BRIEF DESCRIPTION OF THE DRAWINGS

FIG. 1 is a block diagram illustrating an architecture for a storage system with cloud-based malware detection in accordance with one example of the present disclosure.

FIG. 2 is a flow diagram of a process in which a storage node or storage processing unit in accordance with an example of the present disclosure provides storage service and reports to a cloud-based service that detects malware.

FIG. 3 is a flow diagram of a process in which a cloud-based service in accordance with an example of the present disclosure analyzes reported storage information to detect anomalies suggesting a malware attack.

FIG. 4 is a flow diagram of a process in which a storage system in accordance with an example of the present disclosure can recover from a confirmed malware attack.

The drawings illustrate examples for the purpose of explanation and are not of the invention itself. Use of the same reference symbols in different figures indicates similar or identical items.

DETAILED DESCRIPTION

A storage system in accordance with an example of the present disclosure may employ one or more storage nodes implemented in one or more servers with each storage node including at least one storage or service processing unit (SPU). Each of the SPUs provides storage services to storage clients seeking use of virtual volumes that the SPU maintains. In maintaining the virtual volumes, the SPUs always write new data for the virtual volumes to empty physical storage locations, i.e., physical storage location that do not currently store valid data. The SPUs do not overwrite old data of the virtual volumes, and the old data remains in physical storage until a garbage collection process determines that the old data is unneeded and therefore invalid. Each SPU has a communication link to a cloud-based service, and the SPUs when performing storage services can report I/O information and data analysis to the cloud-based service. Based on the I/O information and data analysis the SPUs report, the cloud-base service may employ methodologies to detect anomalies in storage activity suggesting a malware attack, and the cloud-based service may instruct the SPUs to retain the old data that anomalous activity was overwriting. If an attack is confirmed, e.g., ransomware or other malware is later determined to have encrypted or taken control of data, the SPUs still retain the old data, e.g., in snapshots of virtual volumes, and the virtual volumes may be rolled back to a state where the data is an unencrypted and accessible.

FIG. 1 is a block diagram illustrating a storage architecture including a storage platform 100 in accordance with one example of the present disclosure.

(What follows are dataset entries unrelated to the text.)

lemma eventually_expanding_recurrence_solvable:
  fixes \<rho> :: "int \<Rightarrow> complex"
  assumes nz: "\<And>n. \<rho> n \<noteq> 0" and B: "\<And>n. cmod (1 / \<rho> n) \<le> B" and r: "r < 1"
    and M: "\<And>n. \<bar>n\<bar> \<ge> M \<Longrightarrow> cmod (1 / \<rho> n) \<le> r"
  shows "bounded_solvable (\<lambda>u D. \<forall>n. D (n + 1) = \<rho> n * D n + u n)"
  using eventually_contracting_backward_solvable[OF B r M]
proof (rule bounded_solvable_transform[where f = "\<lambda>u n. - (1 / \<rho> n) * u n" and g = "\<lambda>D. D"
      and A = "B\<^sup>2" and B = 1])
  show "l2 (\<lambda>n. - (1 / \<rho> n) * u n) \<and> sqnorm (\<lambda>n. - (1 / \<rho> n) * u n) \<le> B\<^sup>2 * sqnorm u"
    if "l2 u" for u
    using l2_mult[of "\<lambda>n. - (1 / \<rho> n)" B u] B that by simp
  show "\<forall>n. D (n + 1) = \<rho> n * D n + u n" if "\<forall>n. D n = 1 / \<rho> n * D (n + 1) + - (1 / \<rho> n) * u n" for u D
  proof
    fix n show "D (n + 1) = \<rho> n * D n + u n"
      using that[rule_format, of n] nz[of n] by (simp add: field_simps)
  qed
  show "l2 D \<and> sqnorm D \<le> 1 * sqnorm D" if "l2 D" for D
    using that by simp
qed

lemma hyperbolic_ends_recurrence_solvable:
  fixes \<rho> :: "int \<Rightarrow> complex"
  assumes m: "m > 0" "\<And>n. m \<le> cmod (\<rho> n)" and B: "\<And>n. cmod (\<rho> n) \<le> B"
    and ends: "(r < 1 \<and> (\<forall>n. \<bar>n\<bar> \<ge> M \<longrightarrow> cmod (\<rho> n) \<le> r))
             \<or> (R > 1 \<and> (\<forall>n. \<bar>n\<bar> \<ge> M \<longrightarrow> cmod (\<rho> n) \<ge> R))"
  shows "bounded_solvable (\<lambda>u D. \<forall>n. D (n + 1) = \<rho> n * D n + u n)"
  using ends
proof
  assume "r < 1 \<and> (\<forall>n. \<bar>n\<bar> \<ge> M \<longrightarrow> cmod (\<rho> n) \<le> r)"
  then show ?thesis using eventually_contracting_recurrence_solvable[where \<rho> = \<rho>, OF B] by blast
next
  assume R: "R > 1 \<and> (\<forall>n. \<bar>n\<bar> \<ge> M \<longrightarrow> cmod (\<rho> n) \<ge> R)"
  have nz: "\<rho> n \<noteq> 0" for n using m(2)[of n] m(1) by auto
  show ?thesis
  proof (rule eventually_expanding_recurrence_solvable[where \<rho> = \<rho>, OF nz])
    show "cmod (1 / \<rho> n) \<le> 1 / m" for n
      using m nz[of n] by (simp add: norm_divide frac_le)
    show "1 / R < 1" using R by simp
    show "cmod (1 / \<rho> n) \<le> 1 / R" if "\<bar>n\<bar> \<ge> M" for n
      using R that nz[of n] by (simp add: norm_divide frac_le)
  qed
qed

definition prod_sol :: "(int \<Rightarrow> complex) \<Rightarrow> int \<Rightarrow> complex" where
  "prod_sol \<rho> n = prod \<rho> {0..<n} / prod \<rho> {n..<0}"

lemma prod_sol_0 [simp]: "prod_sol \<rho> 0 = 1"
  by (simp add: prod_sol_def)

lemma prod_sol_step:
  assumes "\<And>n. \<rho> n \<noteq> 0"
  shows "prod_sol \<rho> (n + 1) = \<rho> n * prod_sol \<rho> n"
proof (cases "0 \<le> n")
  case True
  then have "{0..<n + 1} = insert n {0..<n}" "{n + 1..<0} = {}" "{n..<0} = {}" by auto
  then show ?thesis by (simp add: prod_sol_def)
next
  case False
  then have "{n..<0} = insert n {n + 1..<0}" "{0..<n + 1} = {}" "{0..<n} = {}" by auto
  moreover have "prod \<rho> {n + 1..<0} \<noteq> 0" using assms by simp
  ultimately show ?thesis using assms[of n] by (simp add: prod_sol_def)
qed

lemma prod_sol_unique:
  assumes nz: "\<And>n. \<rho> n \<noteq> 0" and f: "\<And>n. f (n + 1) = \<rho> n * f n"
  shows "f n = f 0 * prod_sol \<rho> n"
proof (induction n rule: int_induct[where k = 0])
  case (step1 i)
  then show ?case by (simp add: f prod_sol_step[where \<rho> = \<rho>, OF nz])
next
  case (step2 i)
  have "\<rho> (i - 1) * f (i - 1) = f 0 * prod_sol \<rho> i"
    using step2 f[of "i - 1"] by simp
  also have "\<dots> = \<rho> (i - 1) * (f 0 * prod_sol \<rho> (i - 1))"
    using prod_sol_step[where \<rho> = \<rho>, OF nz, of "i - 1"] by simp
  finally show ?case using nz[of "i - 1"] by (metis mult_left_cancel)
qed simp

lemma l2_first_order_vanishes_left:
  assumes l: "l2 f" and f: "\<And>n. f (n + 1) = \<rho> n * f n" and \<rho>: "\<And>n. n \<le> M \<Longrightarrow> cmod (\<rho> n) \<le> 1"
  shows "f n = 0"
proof -
  have low: "f n = 0" if n: "n \<le> M + 1" for n
  proof -
    have mono: "cmod (f n) \<le> cmod (f (n - int k))" for k
    proof (induction k)
      case (Suc k)
      have "cmod (f (n - int k)) = cmod (\<rho> (n - int (Suc k))) * cmod (f (n - int (Suc k)))"
        using f[of "n - int (Suc k)"] by (simp add: norm_mult)
      also have "\<dots> \<le> cmod (f (n - int (Suc k)))"
        using \<rho>[of "n - int (Suc k)"] n by (simp add: mult_left_le_one_le)
      finally show ?case using Suc by simp
    qed simp
    have "(cmod (f n))\<^sup>2 \<le> 0"
      by (rule LIMSEQ_le_const[OF l2_tendsto_zero_down[OF l, of n]]) (auto intro!: power_mono mono)
    then show ?thesis by simp
  qed
  show ?thesis
  proof (induction n rule: int_induct[where k = M])
    case (step1 i) then show ?case by (simp add: f)
  qed (auto intro: low)
qed

lemma l2_first_order_vanishes_right:
  assumes l: "l2 f" and f: "\<And>n. f (n + 1) = \<rho> n * f n" and nz: "\<And>n. \<rho> n \<noteq> 0"
    and \<rho>: "\<And>n. n \<ge> M \<Longrightarrow> cmod (\<rho> n) \<ge> 1"
  shows "f n = 0"
proof -
  have high: "f n = 0" if n: "n \<ge> M" for n
  proof -
    have mono: "cmod (f n) \<le> cmod (f (n + int k))" for k
    proof (induction k)
      case (Suc k)
      have "cmod (f (n + int k)) \<le> cmod (\<rho> (n + int k)) * cmod (f (n + int k))"
        using \<rho>[of "n + int k"] n by (simp add: mult_le_cancel_right1)
      also have "\<dots> = cmod (f (n + int (Suc k)))"
        using f[of "n + int k"] by (simp add: norm_mult add_ac)
      finally show ?case using Suc by simp
    qed simp
    have "(cmod (f n))\<^sup>2 \<le> 0"
      by (rule LIMSEQ_le_const[OF l2_tendsto_zero_up[OF l, of n]]) (auto intro!: power_mono mono)
    then show ?thesis by simp
  qed
  show ?thesis
  proof (induction n rule: int_induct[where k = M])
    case (step2 i)
    have "\<rho> (i - 1) * f (i - 1) = 0" using f[of "i - 1"] step2 by simp
    then show ?case using nz[of "i - 1"] by simp
  qed (auto intro: high)
qed

lemma sum_sq_le_geometric:
  fixes f :: "int \<Rightarrow> complex"
  assumes f: "\<And>k. cmod (f (M + int k)) \<le> C * \<mu> ^ k" and \<mu>: "0 \<le> \<mu>" "\<mu> < 1"
    and G: "finite G" "G \<subseteq> {M..}"
  shows "(\<Sum>n\<in>G. (cmod (f n))\<^sup>2) \<le> C\<^sup>2 / (1 - \<mu>\<^sup>2)"
proof -
  define H where "H = (\<lambda>n. nat (n - M)) ` G"
  have GH: "G = (\<lambda>k. M + int k) ` H"
    unfolding H_def using G(2) by (auto simp: image_iff intro!: bexI[where x = "_"])
  have "(\<Sum>n\<in>G. (cmod (f n))\<^sup>2) = (\<Sum>k\<in>H. (cmod (f (M + int k)))\<^sup>2)"
    unfolding GH by (simp add: sum.reindex inj_on_def)
  also have "\<dots> \<le> (\<Sum>k\<in>H. C\<^sup>2 * (\<mu>\<^sup>2) ^ k)"
  proof (rule sum_mono)
    fix k
    have "(cmod (f (M + int k)))\<^sup>2 \<le> (C * \<mu> ^ k)\<^sup>2" by (rule power_mono[OF f]) simp
    then show "(cmod (f (M + int k)))\<^sup>2 \<le> C\<^sup>2 * (\<mu>\<^sup>2) ^ k"
      by (simp add: power_mult_distrib power_mult[symmetric] mult.commute)
  qed
  also have "\<dots> \<le> (\<Sum>k. C\<^sup>2 * (\<mu>\<^sup>2) ^ k)"
    by (rule sum_le_suminf)
      (use \<mu> G H_def in \<open>auto intro!: summable_mult simp: abs_square_less_1\<close>)
  also have "\<dots> = C\<^sup>2 / (1 - \<mu>\<^sup>2)"
    using \<mu> by (simp add: suminf_mult suminf_geometric abs_square_less_1 divide_inverse)
  finally show ?thesis .
qed

lemma l2_if_geometric_decay:
  fixes f :: "int \<Rightarrow> complex"
  assumes up: "\<And>k. cmod (f (M + int k)) \<le> C * \<mu> ^ k"
    and down: "\<And>k. cmod (f (- M - int k)) \<le> C * \<mu> ^ k"
    and M: "M \<ge> 0" and \<mu>: "0 \<le> \<mu>" "\<mu> < 1"
  shows "l2 f"
proof (rule l2_sqnorm_leI(1))
  fix F :: "int set" assume F: "finite F"
  have split: "F = (F \<inter> {M..}) \<union> (F \<inter> {..<-M}) \<union> (F \<inter> {-M..<M})" by auto
  have "(\<Sum>n\<in>F. (cmod (f n))\<^sup>2) = (\<Sum>n\<in>F \<inter> {M..}. (cmod (f n))\<^sup>2)
      + (\<Sum>n\<in>F \<inter> {..<-M}. (cmod (f n))\<^sup>2) + (\<Sum>n\<in>F \<inter> {-M..<M}. (cmod (f n))\<^sup>2)"
    by (subst split, subst sum.union_disjoint, use F M in auto, subst sum.union_disjoint, use M in auto)
  also have "(\<Sum>n\<in>F \<inter> {M..}. (cmod (f n))\<^sup>2) \<le> C\<^sup>2 / (1 - \<mu>\<^sup>2)"
    by (rule sum_sq_le_geometric[OF up \<mu>]) (use F in auto)
  also have "(\<Sum>n\<in>F \<inter> {..<-M}. (cmod (f n))\<^sup>2) \<le> C\<^sup>2 / (1 - \<mu>\<^sup>2)"
  proof -
    have "(\<Sum>n\<in>F \<inter> {..<-M}. (cmod (f n))\<^sup>2) = (\<Sum>n\<in>uminus ` (F \<inter> {..<-M}). (cmod (f (- n)))\<^sup>2)"
      by (simp add: sum.reindex inj_on_def)
    also have "\<dots> \<le> C\<^sup>2 / (1 - \<mu>\<^sup>2)"
      by (rule sum_sq_le_geometric[where f = "\<lambda>n. f (- n)" and M = M, OF _ \<mu>])
        (use F down in \<open>auto simp: algebra_simps\<close>)
    finally show ?thesis .
  qed
  also have "(\<Sum>n\<in>F \<inter> {-M..<M}. (cmod (f n))\<^sup>2) \<le> (\<Sum>n\<in>{-M..<M}. (cmod (f n))\<^sup>2)"
    by (rule sum_mono2) auto
  finally show "(\<Sum>n\<in>F. (cmod (f n))\<^sup>2)
      \<le> C\<^sup>2 / (1 - \<mu>\<^sup>2) + C\<^sup>2 / (1 - \<mu>\<^sup>2) + (\<Sum>n\<in>{-M..<M}. (cmod (f n))\<^sup>2)"
    by simp
qed

lemma l2_prod_sol:
  assumes nz: "\<And>n. \<rho> n \<noteq> 0" and M: "M \<ge> 0"
    and r: "0 \<le> r" "r < 1" "\<And>n. n \<ge> M \<Longrightarrow> cmod (\<rho> n) \<le> r"
    and R: "R > 1" "\<And>n. n \<le> - M \<Longrightarrow> cmod (\<rho> n) \<ge> R"
  shows "l2 (prod_sol \<rho>)"
proof -
  define \<mu> where "\<mu> = max r (1 / R)"
  define C where "C = max (cmod (prod_sol \<rho> M)) (cmod (prod_sol \<rho> (- M)))"
  have \<mu>: "0 \<le> \<mu>" "\<mu> < 1" "r \<le> \<mu>" "1 / R \<le> \<mu>" using r R unfolding \<mu>_def by auto
  have C: "C \<ge> 0" unfolding C_def by (simp add: le_max_iff_disj)
  have up: "cmod (prod_sol \<rho> (M + int k)) \<le> C * \<mu> ^ k" for k
  proof (induction k)
    case (Suc k)
    have "cmod (prod_sol \<rho> (M + int (Suc k))) = cmod (\<rho> (M + int k)) * cmod (prod_sol \<rho> (M + int k))"
      using prod_sol_step[where \<rho> = \<rho>, OF nz, of "M + int k"] by (simp add: add_ac norm_mult)
    also have "\<dots> \<le> \<mu> * (C * \<mu> ^ k)"
      by (rule mult_mono) (use r(3)[of "M + int k"] \<mu> Suc in auto)
    finally show ?case by (simp add: mult_ac)
  qed (simp add: C_def)
  have down: "cmod (prod_sol \<rho> (- M - int k)) \<le> C * \<mu> ^ k" for k
  proof (induction k)
    case (Suc k)
    have step: "prod_sol \<rho> (- M - int k) = \<rho> (- M - int (Suc k)) * prod_sol \<rho> (- M - int (Suc k))"
      using prod_sol_step[where \<rho> = \<rho>, OF nz, of "- M - int (Suc k)"] by simp
    have R_le: "R \<le> cmod (\<rho> (- M - int (Suc k)))" by (rule R(2)) simp
    have "cmod (prod_sol \<rho> (- M - int (Suc k)))
        = cmod (prod_sol \<rho> (- M - int k)) / cmod (\<rho> (- M - int (Suc k)))"
      using nz[of "- M - int (Suc k)"] unfolding step by (simp add: norm_mult)
    also have "\<dots> \<le> cmod (prod_sol \<rho> (- M - int k)) / R"
      by (rule divide_left_mono) (use R_le R nz[of "- M - int (Suc k)"] in auto)
    also have "\<dots> = cmod (prod_sol \<rho> (- M - int k)) * (1 / R)" by simp
    also have "\<dots> \<le> (C * \<mu> ^ k) * \<mu>"
      by (rule mult_mono) (use Suc \<mu> C R in auto)
    finally show ?case by (simp add: mult_ac)
  qed (simp add: C_def)
  show ?thesis by (rule l2_if_geometric_decay[OF up down M \<mu>(1,2)])
qed

section \<open>Sequences that are constant near \<open>\<plusminus>\<infinity>\<close>\<close>

definition const_ends :: "(int \<Rightarrow> 'a) \<Rightarrow> bool" where
  "const_ends f \<longleftrightarrow> (\<exists>x y K. (\<forall>n. n \<ge> K \<longrightarrow> f n = x) \<and> (\<forall>n. n \<le> - K \<longrightarrow> f n = y))"

lemma const_endsI: "(\<And>n. n \<ge> K \<Longrightarrow> f n = x) \<Longrightarrow> (\<And>n. n \<le> - K \<Longrightarrow> f n = y) \<Longrightarrow> const_ends f"
  unfolding const_ends_def by blast

lemma const_ends_const: "const_ends (\<lambda>n. a)"
  unfolding const_ends_def by auto

lemma const_ends_comp2:
  assumes "const_ends f" "const_ends g"
  shows "const_ends (\<lambda>n. h (f n) (g n))"
proof -
  obtain x1 y1 K1 where 1: "\<And>n. n \<ge> K1 \<Longrightarrow> f n = x1" "\<And>n. n \<le> - K1 \<Longrightarrow> f n = y1"
    using assms(1) unfolding const_ends_def by blast
  obtain x2 y2 K2 where 2: "\<And>n. n \<ge> K2 \<Longrightarrow> g n = x2" "\<And>n. n \<le> - K2 \<Longrightarrow> g n = y2"
    using assms(2) unfolding const_ends_def by blast
  show ?thesis by (rule const_endsI[where K = "max K1 K2"]) (use 1 2 in auto)
qed

lemma const_ends_comp: "const_ends f \<Longrightarrow> const_ends (\<lambda>n. h (f n))"
  using const_ends_comp2[of f f "\<lambda>a b. h a"] by simp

Storage platform 100 includes one or more host servers 110-1 to 110-N, which are sometimes generically referred to herein as host server(s) 110. Each host server 110 may be a conventional computer or other computing system including one or more central processing unit (CPU), memory, and interfaces for connections to internal or external devices. FIG. 1 shows host servers 110-1 to 110-N having respective service or storage processing units (SPUs) 120-1 to 120-N, which are sometimes generically referred to herein as SPU(s) 120. SPUs 120-1 to 120-N may be installed in respective host servers 110-1 to 110-N, e.g., as daughterboards attached to the motherboards of servers 110. More generally, storage platform 100 may include one or more host servers 110, with each server 110 hosting one or more SPUs 120. A minimum configuration of storage platform 100 may include a single host server 110 in which one SPU 120 resides. To improve redundancy, storage platform 100 may be a cluster storage system using at least two host servers 110 or at least at least two SPUs 120, but more generally, a limitless number of different configurations are possible containing any number of host servers 110 and any number of SPUs 120. Storage platform 100 may accordingly be scaled to larger storage capacities by adding more SPUs 120 with associated backend storage.

Each SPU 120 has hardware including a host interface 122, communication interfaces 124, a storage interface 128, and a processing system 130.

Host interface 122 provides communications between the SPU 120 and its host server 110. For example, each SPU 120 may be installed and fully resident in the chassis of an associated host server 110, and each SPU 120 may be a card, e.g., a PCI-e card, or printed circuit board with a connector or contacts that plug into a slot in a standard peripheral interface, e.g., a PCI bus in host server 110. Host interface 122 includes circuitry that complies with the protocols of the host server bus.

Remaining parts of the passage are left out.